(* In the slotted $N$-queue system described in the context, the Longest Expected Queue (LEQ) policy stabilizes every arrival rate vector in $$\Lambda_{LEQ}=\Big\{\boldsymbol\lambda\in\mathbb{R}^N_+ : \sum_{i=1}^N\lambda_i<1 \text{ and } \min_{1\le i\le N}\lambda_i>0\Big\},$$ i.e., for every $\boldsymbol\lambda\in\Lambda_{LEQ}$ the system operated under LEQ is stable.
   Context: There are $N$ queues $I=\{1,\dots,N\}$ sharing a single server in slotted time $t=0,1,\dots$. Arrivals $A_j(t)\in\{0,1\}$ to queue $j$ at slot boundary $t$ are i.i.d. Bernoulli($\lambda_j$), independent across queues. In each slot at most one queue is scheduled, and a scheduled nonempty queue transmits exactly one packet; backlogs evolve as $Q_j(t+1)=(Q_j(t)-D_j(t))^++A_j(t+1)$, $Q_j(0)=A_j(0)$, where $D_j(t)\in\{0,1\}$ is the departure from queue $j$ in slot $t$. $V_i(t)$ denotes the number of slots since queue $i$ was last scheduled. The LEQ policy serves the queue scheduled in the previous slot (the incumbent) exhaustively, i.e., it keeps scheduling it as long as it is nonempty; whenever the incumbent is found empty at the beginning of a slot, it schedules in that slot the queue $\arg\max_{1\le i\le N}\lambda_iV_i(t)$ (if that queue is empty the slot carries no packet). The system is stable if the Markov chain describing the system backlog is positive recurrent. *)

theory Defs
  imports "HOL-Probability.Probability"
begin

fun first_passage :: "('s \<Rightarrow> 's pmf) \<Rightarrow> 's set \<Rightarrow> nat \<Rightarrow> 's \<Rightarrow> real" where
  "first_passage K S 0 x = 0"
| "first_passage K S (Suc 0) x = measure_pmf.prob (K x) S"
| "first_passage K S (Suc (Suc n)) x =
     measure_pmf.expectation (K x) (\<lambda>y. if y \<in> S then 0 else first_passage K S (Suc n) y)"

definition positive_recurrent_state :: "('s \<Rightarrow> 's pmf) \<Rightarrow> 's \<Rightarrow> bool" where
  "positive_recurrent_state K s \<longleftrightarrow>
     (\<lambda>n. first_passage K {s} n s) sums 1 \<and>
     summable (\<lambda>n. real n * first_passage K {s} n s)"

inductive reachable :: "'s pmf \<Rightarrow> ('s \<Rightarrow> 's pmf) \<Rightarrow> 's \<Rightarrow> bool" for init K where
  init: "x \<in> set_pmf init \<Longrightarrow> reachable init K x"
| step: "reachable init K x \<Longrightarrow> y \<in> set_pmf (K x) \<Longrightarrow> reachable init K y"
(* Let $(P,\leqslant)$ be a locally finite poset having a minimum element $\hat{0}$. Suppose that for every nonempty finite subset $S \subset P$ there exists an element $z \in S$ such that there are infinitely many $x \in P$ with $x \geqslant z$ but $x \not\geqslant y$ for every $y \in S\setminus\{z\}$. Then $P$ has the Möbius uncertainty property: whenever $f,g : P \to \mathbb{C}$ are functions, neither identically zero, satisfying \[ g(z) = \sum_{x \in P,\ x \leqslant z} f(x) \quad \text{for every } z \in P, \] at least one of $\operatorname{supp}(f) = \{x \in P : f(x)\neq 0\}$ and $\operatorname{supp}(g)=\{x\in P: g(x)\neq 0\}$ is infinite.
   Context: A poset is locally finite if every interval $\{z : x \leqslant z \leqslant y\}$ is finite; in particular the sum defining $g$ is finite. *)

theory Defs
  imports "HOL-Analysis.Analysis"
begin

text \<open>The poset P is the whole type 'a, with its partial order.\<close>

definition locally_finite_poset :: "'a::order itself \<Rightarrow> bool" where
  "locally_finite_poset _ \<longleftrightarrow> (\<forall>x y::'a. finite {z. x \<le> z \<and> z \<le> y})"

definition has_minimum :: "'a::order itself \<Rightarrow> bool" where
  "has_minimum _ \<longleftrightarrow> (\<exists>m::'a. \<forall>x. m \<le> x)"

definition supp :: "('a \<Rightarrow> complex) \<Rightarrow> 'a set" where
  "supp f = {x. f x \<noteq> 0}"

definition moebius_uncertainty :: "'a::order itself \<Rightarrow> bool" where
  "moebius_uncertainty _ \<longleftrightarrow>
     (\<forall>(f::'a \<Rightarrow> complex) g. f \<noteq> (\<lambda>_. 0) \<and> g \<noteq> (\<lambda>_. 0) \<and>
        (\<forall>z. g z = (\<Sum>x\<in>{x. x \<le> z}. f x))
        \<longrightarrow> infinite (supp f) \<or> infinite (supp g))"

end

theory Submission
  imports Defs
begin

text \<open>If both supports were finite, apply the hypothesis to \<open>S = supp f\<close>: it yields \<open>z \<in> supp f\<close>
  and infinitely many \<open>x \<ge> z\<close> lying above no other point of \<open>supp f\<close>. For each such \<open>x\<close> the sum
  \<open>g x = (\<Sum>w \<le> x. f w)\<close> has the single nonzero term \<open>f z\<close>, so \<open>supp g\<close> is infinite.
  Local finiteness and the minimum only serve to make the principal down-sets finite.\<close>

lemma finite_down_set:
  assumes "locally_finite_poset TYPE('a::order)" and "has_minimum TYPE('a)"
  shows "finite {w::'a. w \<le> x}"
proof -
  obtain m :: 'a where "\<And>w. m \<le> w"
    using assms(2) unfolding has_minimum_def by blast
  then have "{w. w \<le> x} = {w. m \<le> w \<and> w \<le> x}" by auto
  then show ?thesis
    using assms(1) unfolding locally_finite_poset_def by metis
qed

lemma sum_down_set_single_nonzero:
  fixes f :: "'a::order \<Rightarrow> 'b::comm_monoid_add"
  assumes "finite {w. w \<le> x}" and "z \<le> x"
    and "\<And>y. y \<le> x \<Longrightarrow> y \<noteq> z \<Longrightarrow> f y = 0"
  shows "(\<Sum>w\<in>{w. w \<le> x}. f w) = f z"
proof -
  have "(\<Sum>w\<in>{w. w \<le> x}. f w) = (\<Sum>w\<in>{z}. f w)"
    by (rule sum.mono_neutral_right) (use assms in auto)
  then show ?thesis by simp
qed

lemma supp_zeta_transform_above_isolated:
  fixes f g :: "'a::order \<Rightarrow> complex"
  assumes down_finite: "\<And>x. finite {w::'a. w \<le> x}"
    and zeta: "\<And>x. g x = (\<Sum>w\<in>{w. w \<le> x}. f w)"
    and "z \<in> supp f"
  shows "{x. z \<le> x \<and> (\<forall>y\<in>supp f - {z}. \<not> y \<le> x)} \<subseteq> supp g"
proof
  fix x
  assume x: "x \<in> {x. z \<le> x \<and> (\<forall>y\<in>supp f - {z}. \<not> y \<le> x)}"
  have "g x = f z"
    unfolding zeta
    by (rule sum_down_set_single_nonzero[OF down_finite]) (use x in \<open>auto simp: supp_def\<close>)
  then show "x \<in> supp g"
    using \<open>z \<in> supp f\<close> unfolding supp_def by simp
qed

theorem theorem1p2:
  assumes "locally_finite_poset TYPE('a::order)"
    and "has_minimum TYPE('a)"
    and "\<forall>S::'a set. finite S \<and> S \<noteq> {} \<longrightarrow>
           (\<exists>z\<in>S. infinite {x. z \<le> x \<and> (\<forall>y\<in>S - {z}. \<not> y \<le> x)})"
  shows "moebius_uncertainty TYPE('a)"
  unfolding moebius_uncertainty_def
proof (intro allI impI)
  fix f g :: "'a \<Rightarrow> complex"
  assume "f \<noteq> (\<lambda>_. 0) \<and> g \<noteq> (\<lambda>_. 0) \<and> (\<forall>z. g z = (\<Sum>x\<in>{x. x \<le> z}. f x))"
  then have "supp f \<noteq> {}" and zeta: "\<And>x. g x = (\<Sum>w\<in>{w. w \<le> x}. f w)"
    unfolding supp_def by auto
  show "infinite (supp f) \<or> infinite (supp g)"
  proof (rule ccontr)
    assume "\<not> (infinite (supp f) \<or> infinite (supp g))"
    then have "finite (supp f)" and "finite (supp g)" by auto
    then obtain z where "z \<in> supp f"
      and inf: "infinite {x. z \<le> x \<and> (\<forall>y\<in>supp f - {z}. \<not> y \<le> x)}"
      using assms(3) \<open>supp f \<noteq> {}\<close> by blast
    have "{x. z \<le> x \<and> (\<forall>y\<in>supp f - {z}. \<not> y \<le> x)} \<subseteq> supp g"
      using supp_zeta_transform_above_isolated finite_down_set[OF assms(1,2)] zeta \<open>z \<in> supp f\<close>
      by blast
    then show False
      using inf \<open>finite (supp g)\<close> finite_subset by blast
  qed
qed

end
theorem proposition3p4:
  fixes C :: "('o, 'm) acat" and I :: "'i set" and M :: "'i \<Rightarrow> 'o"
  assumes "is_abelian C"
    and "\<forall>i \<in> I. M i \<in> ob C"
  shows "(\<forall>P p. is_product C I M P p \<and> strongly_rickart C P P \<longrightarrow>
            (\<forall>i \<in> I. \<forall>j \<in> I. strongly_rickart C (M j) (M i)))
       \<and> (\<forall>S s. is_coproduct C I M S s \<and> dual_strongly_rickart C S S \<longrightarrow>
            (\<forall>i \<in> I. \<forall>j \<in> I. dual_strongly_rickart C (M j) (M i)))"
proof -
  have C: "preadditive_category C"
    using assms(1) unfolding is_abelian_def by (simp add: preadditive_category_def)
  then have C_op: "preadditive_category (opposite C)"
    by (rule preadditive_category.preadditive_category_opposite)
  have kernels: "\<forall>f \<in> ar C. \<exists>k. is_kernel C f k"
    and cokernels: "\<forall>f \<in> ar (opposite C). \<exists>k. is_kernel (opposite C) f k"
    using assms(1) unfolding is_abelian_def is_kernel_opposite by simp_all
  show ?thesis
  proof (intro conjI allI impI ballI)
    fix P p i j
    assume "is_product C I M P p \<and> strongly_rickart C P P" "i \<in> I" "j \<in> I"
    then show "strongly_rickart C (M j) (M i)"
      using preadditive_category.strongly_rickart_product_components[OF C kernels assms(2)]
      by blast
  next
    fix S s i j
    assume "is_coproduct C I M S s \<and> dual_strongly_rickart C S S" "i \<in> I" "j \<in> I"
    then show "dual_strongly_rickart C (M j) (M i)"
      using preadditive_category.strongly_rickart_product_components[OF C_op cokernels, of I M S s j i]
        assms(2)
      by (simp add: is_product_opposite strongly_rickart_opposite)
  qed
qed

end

● ● ● ●

*Work item:* From the records above, transcribe without alteration every line from the one with "P P \<longrightarrow>" to the one with "by (rule preadditive_category.preadditive_category_opposite)", inclusive.

*Answer to this exercise:*
  shows "(\<forall>P p. is_product C I M P p \<and> strongly_rickart C P P \<longrightarrow>
            (\<forall>i \<in> I. \<forall>j \<in> I. strongly_rickart C (M j) (M i)))
       \<and> (\<forall>S s. is_coproduct C I M S s \<and> dual_strongly_rickart C S S \<longrightarrow>
            (\<forall>i \<in> I. \<forall>j \<in> I. dual_strongly_rickart C (M j) (M i)))"
proof -
  have C: "preadditive_category C"
    using assms(1) unfolding is_abelian_def by (simp add: preadditive_category_def)
  then have C_op: "preadditive_category (opposite C)"
    by (rule preadditive_category.preadditive_category_opposite)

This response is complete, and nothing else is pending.